• What is being asked
A faithful transcription of all the records is required.

• Given records
text \<open>A left K[t,sigma]-module structure on the K-vector space (M, scale):
  sigma acts additively with sigma x = x^(1/q) sigma, i.e. sigma (x^q m) = x sigma(m)
  (Frobenius is bijective on K), t acts K-linearly and commutes with sigma.\<close>
definition kt_sigma_module ::
  "nat \<Rightarrow> ('k::field \<Rightarrow> 'm::ab_group_add \<Rightarrow> 'm) \<Rightarrow> ('m \<Rightarrow> 'm) \<Rightarrow> ('m \<Rightarrow> 'm) \<Rightarrow> bool" where
  "kt_sigma_module q scale sig t \<longleftrightarrow>
     vector_space scale \<and>
     (\<forall>a b. sig (a + b) = sig a + sig b) \<and>
     (\<forall>x m. sig (scale (x ^ q) m) = scale x (sig m)) \<and>
     (\<forall>a b. t (a + b) = t a + t b) \<and>
     (\<forall>x m. t (scale x m) = scale x (t m)) \<and>
     (\<forall>m. sig (t m) = t (sig m))"

definition fin_gen_over :: "('k::field \<Rightarrow> 'm::ab_group_add \<Rightarrow> 'm) \<Rightarrow> ('m \<Rightarrow> 'm) \<Rightarrow> bool" where
  "fin_gen_over scale f \<longleftrightarrow>
     (\<exists>S. finite S \<and> module.span scale {(f ^^ n) s | s n. s \<in> S} = UNIV)"

definition fin_dim_sub :: "('k::field \<Rightarrow> 'm::ab_group_add \<Rightarrow> 'm) \<Rightarrow> 'm set \<Rightarrow> bool" where
  "fin_dim_sub scale N \<longleftrightarrow> (\<exists>B. finite B \<and> module.span scale B = N)"

definition fd_part :: "('k::field \<Rightarrow> 'm::ab_group_add \<Rightarrow> 'm) \<Rightarrow> ('m \<Rightarrow> 'm) \<Rightarrow> 'm set" where
  "fd_part scale f =
     module.span scale (\<Union>{N. module.subspace scale N \<and> f ` N \<subseteq> N \<and> fin_dim_sub scale N})"

text \<open>M/N is a free K[f]-module of finite rank: there are e_0,...,e_(r-1) in M whose
  images form a K[f]-basis of M/N. Since K[f] has left K-basis (f^n)_n, this means that the
  images of the f^n e_i (i < r, n arbitrary) form a K-basis of M/N: they span M modulo N,
  and every finite K-linear combination of them lying in N is trivial.\<close>
definition free_fin_rank_mod ::
  "('k::field \<Rightarrow> 'm::ab_group_add \<Rightarrow> 'm) \<Rightarrow> ('m \<Rightarrow> 'm) \<Rightarrow> 'm set \<Rightarrow> bool" where
  "free_fin_rank_mod scale f N \<longleftrightarrow>
     (\<exists>(r::nat) (e::nat \<Rightarrow> 'm).
        module.span scale ({(f ^^ n) (e i) | i n. i < r} \<union> N) = UNIV \<and>
        (\<forall>F (c :: nat \<times> nat \<Rightarrow> 'k).
           finite F \<and> F \<subseteq> {..<r} \<times> UNIV \<and>
           (\<Sum>(i, n)\<in>F. scale (c (i, n)) ((f ^^ n) (e i))) \<in> N
           \<longrightarrow> (\<forall>x\<in>F. c x = 0)))"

• Response for this exercise
text \<open>A left K[t,sigma]-module structure on the K-vector space (M, scale):
  sigma acts additively with sigma x = x^(1/q) sigma, i.e. sigma (x^q m) = x sigma(m)
  (Frobenius is bijective on K), t acts K-linearly and commutes with sigma.\<close>
definition kt_sigma_module ::
  "nat \<Rightarrow> ('k::field \<Rightarrow> 'm::ab_group_add \<Rightarrow> 'm) \<Rightarrow> ('m \<Rightarrow> 'm) \<Rightarrow> ('m \<Rightarrow> 'm) \<Rightarrow> bool" where
  "kt_sigma_module q scale sig t \<longleftrightarrow>
     vector_space scale \<and>
     (\<forall>a b. sig (a + b) = sig a + sig b) \<and>
     (\<forall>x m. sig (scale (x ^ q) m) = scale x (sig m)) \<and>
     (\<forall>a b. t (a + b) = t a + t b) \<and>
     (\<forall>x m. t (scale x m) = scale x (t m)) \<and>
     (\<forall>m. sig (t m) = t (sig m))"

definition fin_gen_over :: "('k::field \<Rightarrow> 'm::ab_group_add \<Rightarrow> 'm) \<Rightarrow> ('m \<Rightarrow> 'm) \<Rightarrow> bool" where
  "fin_gen_over scale f \<longleftrightarrow>
     (\<exists>S. finite S \<and> module.span scale {(f ^^ n) s | s n. s \<in> S} = UNIV)"

definition fin_dim_sub :: "('k::field \<Rightarrow> 'm::ab_group_add \<Rightarrow> 'm) \<Rightarrow> 'm set \<Rightarrow> bool" where
  "fin_dim_sub scale N \<longleftrightarrow> (\<exists>B. finite B \<and> module.span scale B = N)"

definition fd_part :: "('k::field \<Rightarrow> 'm::ab_group_add \<Rightarrow> 'm) \<Rightarrow> ('m \<Rightarrow> 'm) \<Rightarrow> 'm set" where
  "fd_part scale f =
     module.span scale (\<Union>{N. module.subspace scale N \<and> f ` N \<subseteq> N \<and> fin_dim_sub scale N})"

text \<open>M/N is a free K[f]-module of finite rank: there are e_0,...,e_(r-1) in M whose
  images form a K[f]-basis of M/N. Since K[f] has left K-basis (f^n)_n, this means that the
  images of the f^n e_i (i < r, n arbitrary) form a K-basis of M/N: they span M modulo N,
  and every finite K-linear combination of them lying in N is trivial.\<close>
definition free_fin_rank_mod ::
  "('k::field \<Rightarrow> 'm::ab_group_add \<Rightarrow> 'm) \<Rightarrow> ('m \<Rightarrow> 'm) \<Rightarrow> 'm set \<Rightarrow> bool" where
  "free_fin_rank_mod scale f N \<longleftrightarrow>
     (\<exists>(r::nat) (e::nat \<Rightarrow> 'm).
        module.span scale ({(f ^^ n) (e i) | i n. i < r} \<union> N) = UNIV \<and>
        (\<forall>F (c :: nat \<times> nat \<Rightarrow> 'k).
           finite F \<and> F \<subseteq> {..<r} \<times> UNIV \<and>
           (\<Sum>(i, n)\<in>F. scale (c (i, n)) ((f ^^ n) (e i))) \<in> N
           \<longrightarrow> (\<forall>x\<in>F. c x = 0)))"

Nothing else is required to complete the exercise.